Option 2: HAProxy Load Balancer

  1. Install HAProxy:

    sudo apt update
    sudo apt install haproxy -y
    
  2. Configure HAProxy:

    • Edit the HAProxy configuration file:

      sudo nano /etc/haproxy/haproxy.cfg
      
    • Add the following configuration:

      global
          log stdout format raw
          maxconn 2000
          daemon
      
      defaults
          log global
          option httplog
          timeout connect 5000ms
          timeout client 50000ms
          timeout server 50000ms
      
      frontend http_front
          bind *:80
          default_backend backend_servers
      
      backend backend_servers
          balance roundrobin
          server server1 127.0.0.1:5000 check
          server server2 127.0.0.1:5001 check
          server server3 127.0.0.1:5002 check
      
      
  3. Restart HAProxy:

    sudo systemctl restart haproxy` 
    
  4. Test the Load Balancer: Send multiple requests to the HAProxy server and verify distribution:

    curl http://localhost/
    

Step 2: Simulating Traffic

To test scalability, we simulate increasing traffic using Apache Benchmark or a Python script.

Using Apache Benchmark:

Install Apache Benchmark:

sudo apt install apache2-utils -y

Simulate 1000 requests with 100 concurrent connections:

ab -n 1000 -c 100 http://localhost/

Using a Python Script:

Install requests:

pip install requests

Traffic Simulation Script:

import requests
import threading

# Configuration
TOTAL_REQUESTS = 1000
CONCURRENT_THREADS = 100
TARGET_URL = "http://localhost/"  # Load balancer address

def make_request():
    try:
        response = requests.get(TARGET_URL)
        print(f"Status Code: {response.status_code}")
    except Exception as e:
        print(f"Request failed: {e}")

def simulate_traffic():
    threads = []
    for _ in range(TOTAL_REQUESTS // CONCURRENT_THREADS):
        for _ in range(CONCURRENT_THREADS):
            t = threading.Thread(target=make_request)
            t.start()
            threads.append(t)

        # Wait for all threads to complete
        for t in threads:
            t.join()

if __name__ == "__main__":
    simulate_traffic()

Run the script and observe how the load balancer handles traffic.

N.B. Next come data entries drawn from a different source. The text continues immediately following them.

(* Let $G=(V,E)$ be a finite simple graph on $n$ vertices. Let $\mathcal{A}$ be the set of all graphs $G''$ with vertex set $V$ that can be obtained as follows: for each vertex $v\in V$, if $v$ is not isolated, choose two distinct vertices of the closed neighborhood $N(v)\cup\{v\}$ and put the edge between them into $G''$; if $v$ is isolated, put a loop on $v$ into $G''$ (an edge already present is not duplicated). Let $G''_{\min}\in\mathcal{A}$ minimize $n-\alpha(G'')$ over $G''\in\mathcal{A}$. Then $$\gamma(G)=n-\alpha(G''_{\min})=\beta(G''_{\min}).$$
   Context: $N(v)$ denotes the set of neighbors of $v$ in $G$. A set $S\subseteq V$ is a dominating set of $G$ if every vertex of $V$ is in $S$ or has a neighbor in $S$; $\gamma(G)$ is the minimum size of a dominating set. For a graph $H$ possibly with loops, an independent set is a set of vertices containing no two endpoints of an edge and no vertex carrying a loop, and $\alpha(H)$ is the maximum size of an independent set; a vertex cover is a set of vertices meeting every edge (so it contains every vertex carrying a loop), and $\beta(H)$ is the minimum size of a vertex cover. *)

theory Defs
  imports Main
begin

definition simple_graph :: "'a set \<Rightarrow> 'a set set \<Rightarrow> bool" where
  "simple_graph V E \<longleftrightarrow> finite V \<and> (\<forall>e\<in>E. e \<subseteq> V \<and> card e = 2)"

definition neighbors :: "'a set set \<Rightarrow> 'a \<Rightarrow> 'a set" where
  "neighbors E v = {u. {u, v} \<in> E}"

definition closed_nbhd :: "'a set set \<Rightarrow> 'a \<Rightarrow> 'a set" where
  "closed_nbhd E v = neighbors E v \<union> {v}"

definition isolated :: "'a set set \<Rightarrow> 'a \<Rightarrow> bool" where
  "isolated E v \<longleftrightarrow> neighbors E v = {}"

definition dominating_set :: "'a set \<Rightarrow> 'a set set \<Rightarrow> 'a set \<Rightarrow> bool" where
  "dominating_set V E S \<longleftrightarrow> S \<subseteq> V \<and> (\<forall>v\<in>V. v \<in> S \<or> (\<exists>u\<in>S. u \<in> neighbors E v))"

definition domination_number :: "'a set \<Rightarrow> 'a set set \<Rightarrow> nat" where
  "domination_number V E = Min {card S | S. dominating_set V E S}"

text \<open>Graphs possibly with loops: edges are nonempty sets of at most two vertices;
  a loop on v is the edge {v}.\<close>
definition independent_set :: "'a set \<Rightarrow> 'a set set \<Rightarrow> 'a set \<Rightarrow> bool" where
  "independent_set V F S \<longleftrightarrow> S \<subseteq> V \<and> (\<forall>e\<in>F. \<not> e \<subseteq> S)"

definition independence_number :: "'a set \<Rightarrow> 'a set set \<Rightarrow> nat" where
  "independence_number V F = Max {card S | S. independent_set V F S}"

definition vertex_cover :: "'a set \<Rightarrow> 'a set set \<Rightarrow> 'a set \<Rightarrow> bool" where
  "vertex_cover V F S \<longleftrightarrow> S \<subseteq> V \<and> (\<forall>e\<in>F. e \<inter> S \<noteq> {})"

definition vertex_cover_number :: "'a set \<Rightarrow> 'a set set \<Rightarrow> nat" where
  "vertex_cover_number V F = Min {card S | S. vertex_cover V F S}"

definition choice_graphs :: "'a set \<Rightarrow> 'a set set \<Rightarrow> 'a set set set" where
  "choice_graphs V E = {f ` V | f.
     \<forall>v\<in>V. (\<not> isolated E v \<longrightarrow> (\<exists>x y. x \<noteq> y \<and> x \<in> closed_nbhd E v \<and> y \<in> closed_nbhd E v \<and> f v = {x, y}))
          \<and> (isolated E v \<longrightarrow> f v = {v})}"

end

theory Submission
  imports Defs
begin

text \<open>Every graph \<open>G''\<close> of the family has at least one edge inside each closed neighbourhood
  \<open>N[v]\<close>, so every vertex cover of \<open>G''\<close> is a dominating set of \<open>G\<close>; hence
  \<open>\<gamma>(G) \<le> \<beta>(G'')\<close>. Conversely, a minimum dominating set \<open>D\<close> lets each vertex \<open>v\<close>
  choose the edge \<open>{v, u}\<close> with \<open>u \<in> D\<close> (or any edge at \<open>v\<close> if \<open>v \<in> D\<close>); \<open>D\<close> covers the resulting
  graph, so some member of the family has \<open>\<beta> \<le> \<gamma>(G)\<close>. Finally \<open>\<beta> = n - \<alpha>\<close> for every graph with
  loops, since complements of independent sets are exactly the vertex covers.\<close>

lemma finite_card_subsets:
  assumes "finite V" "\<And>S. P S \<Longrightarrow> S \<subseteq> V"
  shows "finite {card S | S. P S}"
proof -
  have "{card S | S. P S} \<subseteq> card ` Pow V" using assms(2) by blast
  then show ?thesis using assms(1) finite_subset by blast
qed

lemma Min_card_le:
  assumes "finite V" "\<And>S. P S \<Longrightarrow> S \<subseteq> V" "P S"
  shows "Min {card S | S. P S} \<le> card S"
  using assms by (intro Min_le finite_card_subsets) auto

lemma Min_card_attained:
  assumes "finite V" "\<And>S. P S \<Longrightarrow> S \<subseteq> V" "P S"
  obtains S' where "P S'" "card S' = Min {card S | S. P S}"
proof -
  have "Min {card S | S. P S} \<in> {card S | S. P S}"
    using assms by (intro Min_in finite_card_subsets) auto
  then obtain S' where "P S'" "card S' = Min {card S | S. P S}" by auto
  then show ?thesis by (rule that)
qed

lemma Max_card_ge:
  assumes "finite V" "\<And>S. P S \<Longrightarrow> S \<subseteq> V" "P S"
  shows "card S \<le> Max {card S | S. P S}"
  using assms by (intro Max_ge finite_card_subsets) auto

lemma Max_card_attained:
  assumes "finite V" "\<And>S. P S \<Longrightarrow> S \<subseteq> V" "P S"
  obtains S' where "P S'" "card S' = Max {card S | S. P S}"
proof -
  have "Max {card S | S. P S} \<in> {card S | S. P S}"
    using assms by (intro Max_in finite_card_subsets) auto
  then obtain S' where "P S'" "card S' = Max {card S | S. P S}" by auto
  then show ?thesis by (rule that)
qed

lemma domination_number_le:
  assumes "finite V" "dominating_set V E S"
  shows "domination_number V E \<le> card S"
  unfolding domination_number_def
  by (rule Min_card_le[of V "dominating_set V E"]) (use assms in \<open>auto simp: dominating_set_def\<close>)

lemma domination_number_attained:
  assumes "finite V"
  obtains D where "dominating_set V E D" "card D = domination_number V E"
  unfolding domination_number_def
  by (rule Min_card_attained[of V "dominating_set V E" V]) (use assms in \<open>auto simp: dominating_set_def\<close>)

lemma vertex_cover_number_le:
  assumes "finite V" "vertex_cover V F S"
  shows "vertex_cover_number V F \<le> card S"
  unfolding vertex_cover_number_def
  by (rule Min_card_le[of V "vertex_cover V F"]) (use assms in \<open>auto simp: vertex_cover_def\<close>)

lemma vertex_cover_number_attained:
  assumes "finite V" "vertex_cover V F S"
  obtains C where "vertex_cover V F C" "card C = vertex_cover_number V F"
  unfolding vertex_cover_number_def
  by (rule Min_card_attained[of V "vertex_cover V F" S]) (use assms in \<open>auto simp: vertex_cover_def\<close>)

lemma independence_number_ge:
  assumes "finite V" "independent_set V F S"
  shows "card S \<le> independence_number V F"
  unfolding independence_number_def
  by (rule Max_card_ge[of V "independent_set V F"]) (use assms in \<open>auto simp: independent_set_def\<close>)

lemma independence_number_attained:
  assumes "finite V" "independent_set V F S"
  obtains I where "independent_set V F I" "card I = independence_number V F"
  unfolding independence_number_def
  by (rule Max_card_attained[of V "independent_set V F" S]) (use assms in \<open>auto simp: independent_set_def\<close>)

lemma vertex_cover_whole:
  assumes "\<And>e. e \<in> F \<Longrightarrow> e \<subseteq> V" "{} \<notin> F"
  shows "vertex_cover V F V"
  using assms by (force simp: vertex_cover_def Int_absorb2)

lemma vertex_cover_number_eq_card_minus_independence_number:
  assumes fin: "finite V" and edges: "\<And>e. e \<in> F \<Longrightarrow> e \<subseteq> V" and no_empty: "{} \<notin> F"
  shows "vertex_cover_number V F = card V - independence_number V F"
proof -
  have "independent_set V F {}" using no_empty by (auto simp: independent_set_def)
  with fin obtain I where I: "independent_set V F I" "card I = independence_number V F"
    by (rule independence_number_attained)
  obtain C where C: "vertex_cover V F C" "card C = vertex_cover_number V F"
    using fin vertex_cover_whole[OF edges no_empty] by (rule vertex_cover_number_attained)
  have "I \<subseteq> V" "C \<subseteq> V" using I(1) C(1) by (simp_all add: independent_set_def vertex_cover_def)
  then have card_compl: "card (V - I) = card V - card I" "card (V - C) = card V - card C"
    and "card C \<le> card V"
    using fin by (simp_all add: card_Diff_subset card_mono finite_subset)
  have "vertex_cover V F (V - I)"
    using I(1) edges no_empty unfolding independent_set_def vertex_cover_def by blast
  with fin have "vertex_cover_number V F \<le> card (V - I)"
    by (rule vertex_cover_number_le)
  moreover have "independent_set V F (V - C)"
    using C(1) edges unfolding independent_set_def vertex_cover_def by blast
  with fin have "card (V - C) \<le> independence_number V F"
    by (rule independence_number_ge)
  ultimately show ?thesis using I(2) C(2) card_compl \<open>card C \<le> card V\<close> by linarith
qed

lemma neighbor_ne:
  assumes "simple_graph V E" "u \<in> neighbors E v"
  shows "u \<noteq> v"
  using assms unfolding simple_graph_def neighbors_def by fastforce

lemma closed_nbhd_subset:
  assumes "simple_graph V E" "v \<in> V"
  shows "closed_nbhd E v \<subseteq> V"
  using assms unfolding simple_graph_def closed_nbhd_def neighbors_def by blast

lemma choice_graphsE:
  assumes "F \<in> choice_graphs V E"
  obtains f where "F = f ` V"
    and "\<And>v. v \<in> V \<Longrightarrow> f v \<subseteq> closed_nbhd E v" and "\<And>v. v \<in> V \<Longrightarrow> f v \<noteq> {}"
proof -
  obtain f where F: "F = f ` V" and f: "\<forall>v\<in>V.
      (\<not> isolated E v \<longrightarrow> (\<exists>x y. x \<noteq> y \<and> x \<in> closed_nbhd E v \<and> y \<in> closed_nbhd E v \<and> f v = {x, y}))
      \<and> (isolated E v \<longrightarrow> f v = {v})"
    using assms unfolding choice_graphs_def by blast
  have "f v \<subseteq> closed_nbhd E v \<and> f v \<noteq> {}" if "v \<in> V" for v
    using f that by (cases "isolated E v") (auto simp: closed_nbhd_def)
  with F that show ?thesis by blast
qed

lemma choice_graph_edge_subset:
  assumes G: "simple_graph V E" and "F \<in> choice_graphs V E" "e \<in> F"
  shows "e \<subseteq> V"
proof -
  obtain f where "F = f ` V" and sub: "\<And>v. v \<in> V \<Longrightarrow> f v \<subseteq> closed_nbhd E v"
    and "\<And>v. v \<in> V \<Longrightarrow> f v \<noteq> {}"
    using choice_graphsE[OF assms(2)] by blast
  with assms(3) obtain v where "v \<in> V" "e = f v" by blast
  with sub closed_nbhd_subset[OF G] show ?thesis by blast
qed

lemma empty_notin_choice_graph:
  assumes "F \<in> choice_graphs V E"
  shows "{} \<notin> F"
  using assms by (rule choice_graphsE) auto

lemma vertex_cover_choice_graph_dominating:
  assumes "F \<in> choice_graphs V E" "vertex_cover V F C"
  shows "dominating_set V E C"
proof -
  obtain f where F: "F = f ` V" and f: "\<And>v. v \<in> V \<Longrightarrow> f v \<subseteq> closed_nbhd E v"
    and "\<And>v. v \<in> V \<Longrightarrow> f v \<noteq> {}"
    using choice_graphsE[OF assms(1)] by blast
  have "\<exists>u\<in>C. u \<in> closed_nbhd E v" if "v \<in> V" for v
    using assms(2) F f[OF that] that unfolding vertex_cover_def by blast
  then show ?thesis
    using assms(2) unfolding dominating_set_def vertex_cover_def closed_nbhd_def by blast
qed

lemma domination_number_le_vertex_cover_number:
  assumes fin: "finite V" and F: "F \<in> choice_graphs V E" and edges: "\<And>e. e \<in> F \<Longrightarrow> e \<subseteq> V"
  shows "domination_number V E \<le> vertex_cover_number V F"
proof -
  obtain C where C: "vertex_cover V F C" "card C = vertex_cover_number V F"
    using fin vertex_cover_whole[OF edges empty_notin_choice_graph[OF F]]
    by (rule vertex_cover_number_attained)
  have "dominating_set V E C"
    using F C(1) by (rule vertex_cover_choice_graph_dominating)
  with fin C(2) show ?thesis by (metis domination_number_le)
qed

lemma dominating_set_covers_some_choice_graph:
  assumes G: "simple_graph V E" and D: "dominating_set V E D"
  shows "\<exists>F\<in>choice_graphs V E. vertex_cover V F D"
proof -
  have "\<exists>u. u \<in> closed_nbhd E v \<and> (v \<in> D \<or> u \<in> D) \<and> (isolated E v \<longleftrightarrow> u = v)"
    if v: "v \<in> V" for v
  proof (cases "v \<in> D")
    case True
    show ?thesis
    proof (cases "isolated E v")
      case False
      then obtain u where "u \<in> neighbors E v" by (auto simp: isolated_def)
      with True G show ?thesis by (auto simp: closed_nbhd_def isolated_def dest: neighbor_ne)
    qed (use True in \<open>auto simp: closed_nbhd_def\<close>)
  next
    case False
    then obtain u where "u \<in> D" "u \<in> neighbors E v"
      using D v unfolding dominating_set_def by blast
    with G show ?thesis by (auto simp: closed_nbhd_def isolated_def dest: neighbor_ne)
  qed
  then obtain g where g: "\<And>v. v \<in> V \<Longrightarrow> g v \<in> closed_nbhd E v \<and> (v \<in> D \<or> g v \<in> D)
      \<and> (isolated E v \<longleftrightarrow> g v = v)"
    by metis
  define f where "f v = {v, g v}" for v
  have "f ` V \<in> choice_graphs V E"
    unfolding choice_graphs_def
  proof (intro CollectI exI[of _ f] conjI refl ballI impI)
    fix v assume "v \<in> V" "\<not> isolated E v"
    with g show "\<exists>x y. x \<noteq> y \<and> x \<in> closed_nbhd E v \<and> y \<in> closed_nbhd E v \<and> f v = {x, y}"
      by (auto simp: closed_nbhd_def f_def)
  next
    fix v assume "v \<in> V" "isolated E v"
    with g show "f v = {v}" by (simp add: f_def)
  qed
  moreover have "vertex_cover V (f ` V) D"
    using D g unfolding vertex_cover_def dominating_set_def f_def by auto
  ultimately show ?thesis by blast
qed

lemma exists_choice_graph_vertex_cover_number_le:
  assumes G: "simple_graph V E"
  obtains F where "F \<in> choice_graphs V E" "vertex_cover_number V F \<le> domination_number V E"
proof -
  have fin: "finite V" using G by (simp add: simple_graph_def)
  then obtain D where D: "dominating_set V E D" "card D = domination_number V E"
    by (rule domination_number_attained)
  obtain F where F: "F \<in> choice_graphs V E" "vertex_cover V F D"
    using dominating_set_covers_some_choice_graph[OF G D(1)] by blast
  with fin D(2) that show ?thesis by (metis vertex_cover_number_le)
qed

theorem theorem2p4:
  fixes V :: "'a set" and E :: "'a set set" and Fmin :: "'a set set"
  assumes "simple_graph V E"
    and "Fmin \<in> choice_graphs V E"
    and "\<forall>F\<in>choice_graphs V E. card V - independence_number V Fmin \<le> card V - independence_number V F"
  shows "domination_number V E = card V - independence_number V Fmin
       \<and> card V - independence_number V Fmin = vertex_cover_number V Fmin"
proof -
  have fin: "finite V" using assms(1) by (simp add: simple_graph_def)
  have beta_eq: "vertex_cover_number V F = card V - independence_number V F"
    if "F \<in> choice_graphs V E" for F
    using vertex_cover_number_eq_card_minus_independence_number[OF fin
        choice_graph_edge_subset[OF assms(1) that] empty_notin_choice_graph[OF that]] .
  obtain F where F: "F \<in> choice_graphs V E" "vertex_cover_number V F \<le> domination_number V E"
    using exists_choice_graph_vertex_cover_number_le[OF assms(1)] .
  have "vertex_cover_number V Fmin \<le> vertex_cover_number V F"
    using assms(3) F(1) beta_eq[OF F(1)] beta_eq[OF assms(2)] by simp
  moreover have "domination_number V E \<le> vertex_cover_number V Fmin"
    using domination_number_le_vertex_cover_number[OF fin assms(2)
        choice_graph_edge_subset[OF assms(1) assms(2)]] .
  ultimately show ?thesis using F(2) beta_eq[OF assms(2)] by linarith
qed

end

Step 3: Observing Horizontal Scaling

  1. Baseline Performance: Start with a single backend server and monitor:

    • CPU usage
    • Memory utilization
    • Response times
  2. Add More Servers: Gradually add more backend servers by running the Flask/Express.js apps on different ports. Update the load balancer configuration to include the new servers.

  3. Monitor Impact: Use tools like htop for server resource monitoring or logging tools (e.g., ELK stack) to track request distribution and performance metrics.


Expected Results


Takeaways

  1. Load balancers like Nginx and HAProxy ensure even distribution of requests, reducing bottlenecks.
  2. Horizontal scaling improves reliability and performance under heavy loads.
  3. Simulating traffic provides insights into how the system behaves under stress, allowing better optimization of resources.